If you loved part 1 of this fascinating trip into the blues, then part 2 has even more for you!

Okay Shirley, here we go again!

Shirley, your Dad once said “to play the blues is to be born black twice”. What did BB mean by that, do you think?

I think when he said that, someone must have asked about the debate whether you have to be black to sing the blues. But I’m saying anyone can sing the blues, but usually people who sing the blues are singing from something they have been through, a life moment…If you lived a privileged life and want to sing the blues, guess what, you can be good at it too…but the person who can give the spirit to you is probably going to be black…I’m not my father, but he would return to that nagging question of whether white people can sing the blues and he would always like to say nice things, he would avoid that debate….some would say you have to be black and really live the blues. But living the blues can be any colour. I think there are so many people living the blues. I would get out there and campaign for a whole group on that stage, and call them the ‘All Nation’s Blues singers’, because we are all going through so much at the moment. You don’t even need to sing, and you could create a blues classic now.

Shirley King

The blues speaks about what is happening in your life…even the young people who don’t understand they can sing the blues, but would prefer to place it into hip-hop because that’s their way of singing the blues.

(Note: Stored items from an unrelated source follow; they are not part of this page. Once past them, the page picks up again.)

lemma is_cycle_graph_if_2_regular:
  assumes sg: "simple_graph V E" and cn: "connected_graph V E"
    and deg: "\<And>v. v \<in> V \<Longrightarrow> degree V E v = 2"
  shows "is_cycle_graph V E"
proof -
  obtain vs where cyc: "is_cycle V E vs"
    using ex_cycle_if_degree_ge_2[OF sg] cn deg unfolding connected_graph_def by fastforce
  define k where "k = length vs"
  define pred where "pred i = (i + k - 1) mod k" for i
  have k3: "3 \<le> k" and "distinct vs" and "set vs \<subseteq> V"
    using cyc unfolding is_cycle_def k_def by auto
  have succ_less: "Suc i mod k < k" and pred_less: "pred i < k" for i
    using k3 unfolding pred_def by simp_all
  have neighbours: "{u \<in> V. E (vs ! i) u} = {vs ! (Suc i mod k), vs ! pred i}" if "i < k" for i
    using cycle_neighbours_if_degree_2[OF sg cyc] deg nth_mem \<open>set vs \<subseteq> V\<close> that
    unfolding pred_def k_def by blast
  have "set vs = V"
  proof (rule connected_graph_closed_subset_eq[OF cn \<open>set vs \<subseteq> V\<close>])
    show "vs ! 0 \<in> set vs"
      using k3 unfolding k_def by (intro nth_mem) linarith
    show "y \<in> set vs" if "x \<in> set vs" and "E x y" for x y
    proof -
      obtain i where "i < k" and "x = vs ! i"
        using \<open>x \<in> set vs\<close> unfolding k_def by (auto simp: in_set_conv_nth)
      then have "y \<in> {vs ! (Suc i mod k), vs ! pred i}"
        using neighbours \<open>E x y\<close> simple_graphD(3)[OF sg] by blast
      then show ?thesis
        using succ_less pred_less unfolding k_def by auto
    qed
  qed
  then have "bij_betw ((!) vs) {..<k} V"
    using bij_betw_nth[OF \<open>distinct vs\<close>] unfolding k_def by simp
  moreover have "E (vs ! i) (vs ! j) \<longleftrightarrow> j = (i + 1) mod k \<or> i = (j + 1) mod k"
    if "i < k" and "j < k" for i j
  proof -
    have "vs ! j \<in> V"
      using that(2) \<open>set vs \<subseteq> V\<close> nth_mem unfolding k_def by blast
    then have "E (vs ! i) (vs ! j) \<longleftrightarrow> vs ! j \<in> {vs ! (Suc i mod k), vs ! pred i}"
      using neighbours[OF that(1)] by blast
    also have "\<dots> \<longleftrightarrow> j = Suc i mod k \<or> j = pred i"
      using nth_eq_iff_index_eq[OF \<open>distinct vs\<close>, of j "Suc i mod k"]
        nth_eq_iff_index_eq[OF \<open>distinct vs\<close>, of j "pred i"] that succ_less pred_less
      unfolding k_def by auto
    also have "\<dots> \<longleftrightarrow> j = (i + 1) mod k \<or> i = (j + 1) mod k"
      using that unfolding pred_def by (auto simp: mod_if)
    finally show ?thesis .
  qed
  ultimately show ?thesis
    unfolding is_cycle_graph_def using k3 by (auto intro!: exI[of _ k] exI[of _ "(!) vs"])
qed

(* The subtraction is truncated, which is harmless: for d = 1 the product is 0 anyway. *)
lemma sum_degree_excess:
  assumes sg: "simple_graph V E"
    and sum_sq: "(\<Sum>e\<in>edges V E. \<Sum>v\<in>e. degree V E v) = 4 * card (edges V E)"
    and pos: "\<And>v. v \<in> V \<Longrightarrow> 0 < degree V E v"
  shows "(\<Sum>v\<in>V. (degree V E v - 1) * (degree V E v - 2)) + 2 * card (edges V E) = 2 * card V"
proof -
  let ?d = "degree V E" and ?m = "card (edges V E)"
  have "(\<Sum>v\<in>V. ?d v ^ 2) + 2 * card V = (\<Sum>v\<in>V. ?d v ^ 2 + 2)"
    unfolding sum.distrib by simp
  also have "\<dots> = (\<Sum>v\<in>V. (?d v - 1) * (?d v - 2) + 3 * ?d v)"
  proof (rule sum.cong)
    show "?d v ^ 2 + 2 = (?d v - 1) * (?d v - 2) + 3 * ?d v" if "v \<in> V" for v
      using pos[OF that] by (cases "?d v"; cases "?d v - 1") (auto simp: power2_eq_square)
  qed simp
  also have "\<dots> = (\<Sum>v\<in>V. (?d v - 1) * (?d v - 2)) + 3 * (\<Sum>v\<in>V. ?d v)"
    by (simp only: sum.distrib sum_distrib_left)
  also have "\<dots> = (\<Sum>v\<in>V. (?d v - 1) * (?d v - 2)) + 6 * ?m"
    using sum_degree_eq_twice_card_edges[OF sg] by simp
  finally have "(\<Sum>v\<in>V. ?d v ^ 2) + 2 * card V = (\<Sum>v\<in>V. (?d v - 1) * (?d v - 2)) + 6 * ?m" .
  moreover have "(\<Sum>v\<in>V. ?d v ^ 2) = 4 * ?m"
    using sum_edges_sum_endpoints[OF sg, of ?d] sum_sq by (simp add: power2_eq_square)
  ultimately show ?thesis
    by linarith
qed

It’s pain isn’t it, the blues. We have a poet in the magazine who contributes some poems of pain, but there is always hope, and I feel blues music is full of hope too.

We are going through the pain right now, dealing with COVID-19. So many things have happened, we can all relate to the blues. If I went into another genre of music, it would be either gospel or country. You connect to the feeling and then express the feeling. If I’m singing the blues, I want to enhance your life with it, but if I sing it, I’m black and I have the blues inside me. My Dad would be smiling, but people never saw that he was having problems. There was a public person, but there was also a private blues man.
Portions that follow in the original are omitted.